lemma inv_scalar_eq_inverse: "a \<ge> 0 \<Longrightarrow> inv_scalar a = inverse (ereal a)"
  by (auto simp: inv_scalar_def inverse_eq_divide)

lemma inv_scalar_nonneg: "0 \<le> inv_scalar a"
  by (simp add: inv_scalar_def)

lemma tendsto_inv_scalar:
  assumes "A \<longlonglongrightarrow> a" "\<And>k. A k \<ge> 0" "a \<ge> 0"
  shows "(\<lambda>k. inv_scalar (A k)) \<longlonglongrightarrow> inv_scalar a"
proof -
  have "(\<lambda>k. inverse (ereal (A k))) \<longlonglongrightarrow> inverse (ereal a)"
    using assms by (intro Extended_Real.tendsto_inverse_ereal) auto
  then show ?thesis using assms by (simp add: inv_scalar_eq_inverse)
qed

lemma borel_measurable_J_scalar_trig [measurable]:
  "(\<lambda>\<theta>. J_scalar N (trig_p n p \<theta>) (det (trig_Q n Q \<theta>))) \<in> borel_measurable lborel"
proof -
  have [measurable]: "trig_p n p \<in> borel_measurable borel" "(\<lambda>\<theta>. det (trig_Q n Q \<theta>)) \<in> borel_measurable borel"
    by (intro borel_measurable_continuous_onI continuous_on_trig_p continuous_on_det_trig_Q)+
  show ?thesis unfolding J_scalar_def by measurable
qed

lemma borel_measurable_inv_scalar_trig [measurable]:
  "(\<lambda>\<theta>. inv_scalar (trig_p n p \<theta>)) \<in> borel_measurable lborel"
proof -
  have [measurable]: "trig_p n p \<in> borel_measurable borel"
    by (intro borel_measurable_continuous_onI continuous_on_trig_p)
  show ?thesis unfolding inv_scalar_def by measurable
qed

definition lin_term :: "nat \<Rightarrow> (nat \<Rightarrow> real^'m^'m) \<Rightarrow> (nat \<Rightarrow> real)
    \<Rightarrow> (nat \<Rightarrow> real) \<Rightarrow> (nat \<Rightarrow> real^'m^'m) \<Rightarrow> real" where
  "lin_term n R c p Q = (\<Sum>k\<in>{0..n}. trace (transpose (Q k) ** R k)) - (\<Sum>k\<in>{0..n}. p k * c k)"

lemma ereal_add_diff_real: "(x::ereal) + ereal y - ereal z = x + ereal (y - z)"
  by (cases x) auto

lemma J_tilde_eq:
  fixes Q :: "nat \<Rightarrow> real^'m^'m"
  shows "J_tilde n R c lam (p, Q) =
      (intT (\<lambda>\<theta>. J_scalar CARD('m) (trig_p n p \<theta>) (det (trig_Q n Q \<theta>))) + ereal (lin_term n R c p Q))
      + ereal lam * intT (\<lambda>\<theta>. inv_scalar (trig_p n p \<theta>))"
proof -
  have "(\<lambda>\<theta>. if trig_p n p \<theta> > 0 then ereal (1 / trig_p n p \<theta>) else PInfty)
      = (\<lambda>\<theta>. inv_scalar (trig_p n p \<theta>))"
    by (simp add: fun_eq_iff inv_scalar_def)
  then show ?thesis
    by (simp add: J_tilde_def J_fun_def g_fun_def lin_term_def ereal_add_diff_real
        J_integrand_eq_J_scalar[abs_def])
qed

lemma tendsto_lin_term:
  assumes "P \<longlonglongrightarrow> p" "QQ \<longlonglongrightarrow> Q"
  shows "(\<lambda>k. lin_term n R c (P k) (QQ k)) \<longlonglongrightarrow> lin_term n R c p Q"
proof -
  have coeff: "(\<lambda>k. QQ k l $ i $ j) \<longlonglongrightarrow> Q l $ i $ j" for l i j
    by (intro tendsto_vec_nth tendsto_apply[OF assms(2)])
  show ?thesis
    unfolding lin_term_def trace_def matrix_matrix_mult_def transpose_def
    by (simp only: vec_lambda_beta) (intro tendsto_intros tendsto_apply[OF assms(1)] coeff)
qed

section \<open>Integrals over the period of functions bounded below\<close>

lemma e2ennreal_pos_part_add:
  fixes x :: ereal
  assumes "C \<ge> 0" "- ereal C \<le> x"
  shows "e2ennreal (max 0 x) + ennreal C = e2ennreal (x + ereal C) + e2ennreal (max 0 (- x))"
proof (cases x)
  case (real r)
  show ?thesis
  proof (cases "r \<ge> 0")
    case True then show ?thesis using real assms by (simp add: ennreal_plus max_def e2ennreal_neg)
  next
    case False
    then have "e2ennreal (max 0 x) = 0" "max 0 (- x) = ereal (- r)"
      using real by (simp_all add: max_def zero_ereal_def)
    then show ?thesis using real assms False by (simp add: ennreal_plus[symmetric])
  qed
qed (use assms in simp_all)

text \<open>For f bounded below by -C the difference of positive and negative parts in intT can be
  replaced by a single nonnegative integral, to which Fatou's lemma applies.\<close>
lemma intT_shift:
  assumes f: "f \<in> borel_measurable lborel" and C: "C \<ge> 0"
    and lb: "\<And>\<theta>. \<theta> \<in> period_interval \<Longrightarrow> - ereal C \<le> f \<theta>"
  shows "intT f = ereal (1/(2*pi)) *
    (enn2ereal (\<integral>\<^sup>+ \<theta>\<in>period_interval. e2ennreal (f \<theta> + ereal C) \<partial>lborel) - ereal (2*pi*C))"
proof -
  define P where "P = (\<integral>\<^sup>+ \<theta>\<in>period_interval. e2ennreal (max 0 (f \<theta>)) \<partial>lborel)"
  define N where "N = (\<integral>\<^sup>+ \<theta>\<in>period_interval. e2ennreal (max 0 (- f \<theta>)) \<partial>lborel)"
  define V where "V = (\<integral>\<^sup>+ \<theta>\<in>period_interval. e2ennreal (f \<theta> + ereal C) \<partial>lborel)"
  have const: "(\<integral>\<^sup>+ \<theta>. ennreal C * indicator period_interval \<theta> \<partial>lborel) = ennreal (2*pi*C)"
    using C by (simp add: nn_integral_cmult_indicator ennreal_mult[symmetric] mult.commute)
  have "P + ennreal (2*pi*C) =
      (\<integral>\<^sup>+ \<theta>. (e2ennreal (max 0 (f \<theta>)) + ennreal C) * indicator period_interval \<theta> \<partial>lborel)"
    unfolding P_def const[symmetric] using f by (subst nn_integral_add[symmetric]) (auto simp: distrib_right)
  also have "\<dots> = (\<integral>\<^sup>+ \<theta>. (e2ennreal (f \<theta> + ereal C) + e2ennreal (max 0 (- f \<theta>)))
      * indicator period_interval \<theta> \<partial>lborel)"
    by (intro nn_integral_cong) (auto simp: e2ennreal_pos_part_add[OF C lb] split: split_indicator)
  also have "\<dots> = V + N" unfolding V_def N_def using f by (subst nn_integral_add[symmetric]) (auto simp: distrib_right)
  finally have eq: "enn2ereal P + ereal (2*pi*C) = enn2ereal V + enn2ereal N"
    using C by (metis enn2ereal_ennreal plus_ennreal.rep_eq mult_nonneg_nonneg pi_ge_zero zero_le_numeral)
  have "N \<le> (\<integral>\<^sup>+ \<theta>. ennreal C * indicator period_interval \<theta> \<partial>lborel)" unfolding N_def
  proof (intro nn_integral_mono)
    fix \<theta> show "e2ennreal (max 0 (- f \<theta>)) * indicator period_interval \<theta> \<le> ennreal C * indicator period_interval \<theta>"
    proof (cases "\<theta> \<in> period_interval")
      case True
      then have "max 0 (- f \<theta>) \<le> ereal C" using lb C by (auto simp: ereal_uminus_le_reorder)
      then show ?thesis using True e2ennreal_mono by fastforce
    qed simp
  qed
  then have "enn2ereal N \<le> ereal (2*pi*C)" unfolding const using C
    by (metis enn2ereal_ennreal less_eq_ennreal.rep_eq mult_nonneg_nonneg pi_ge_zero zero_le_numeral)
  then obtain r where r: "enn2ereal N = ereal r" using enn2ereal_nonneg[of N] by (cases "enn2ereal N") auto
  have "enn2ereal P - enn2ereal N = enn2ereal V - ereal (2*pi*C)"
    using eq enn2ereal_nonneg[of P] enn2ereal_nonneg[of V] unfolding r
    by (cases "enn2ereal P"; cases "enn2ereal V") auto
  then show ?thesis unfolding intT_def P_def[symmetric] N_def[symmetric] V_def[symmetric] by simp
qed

→ **Problem description**
Your answer should be all lines from the data that contain "dots".

→ **Exercise answer**
  also have "\<dots> = (\<integral>\<^sup>+ \<theta>. (e2ennreal (f \<theta> + ereal C) + e2ennreal (max 0 (- f \<theta>)))
  also have "\<dots> = V + N" unfolding V_def N_def using f by (subst nn_integral_add[symmetric]) (auto simp: distrib_right)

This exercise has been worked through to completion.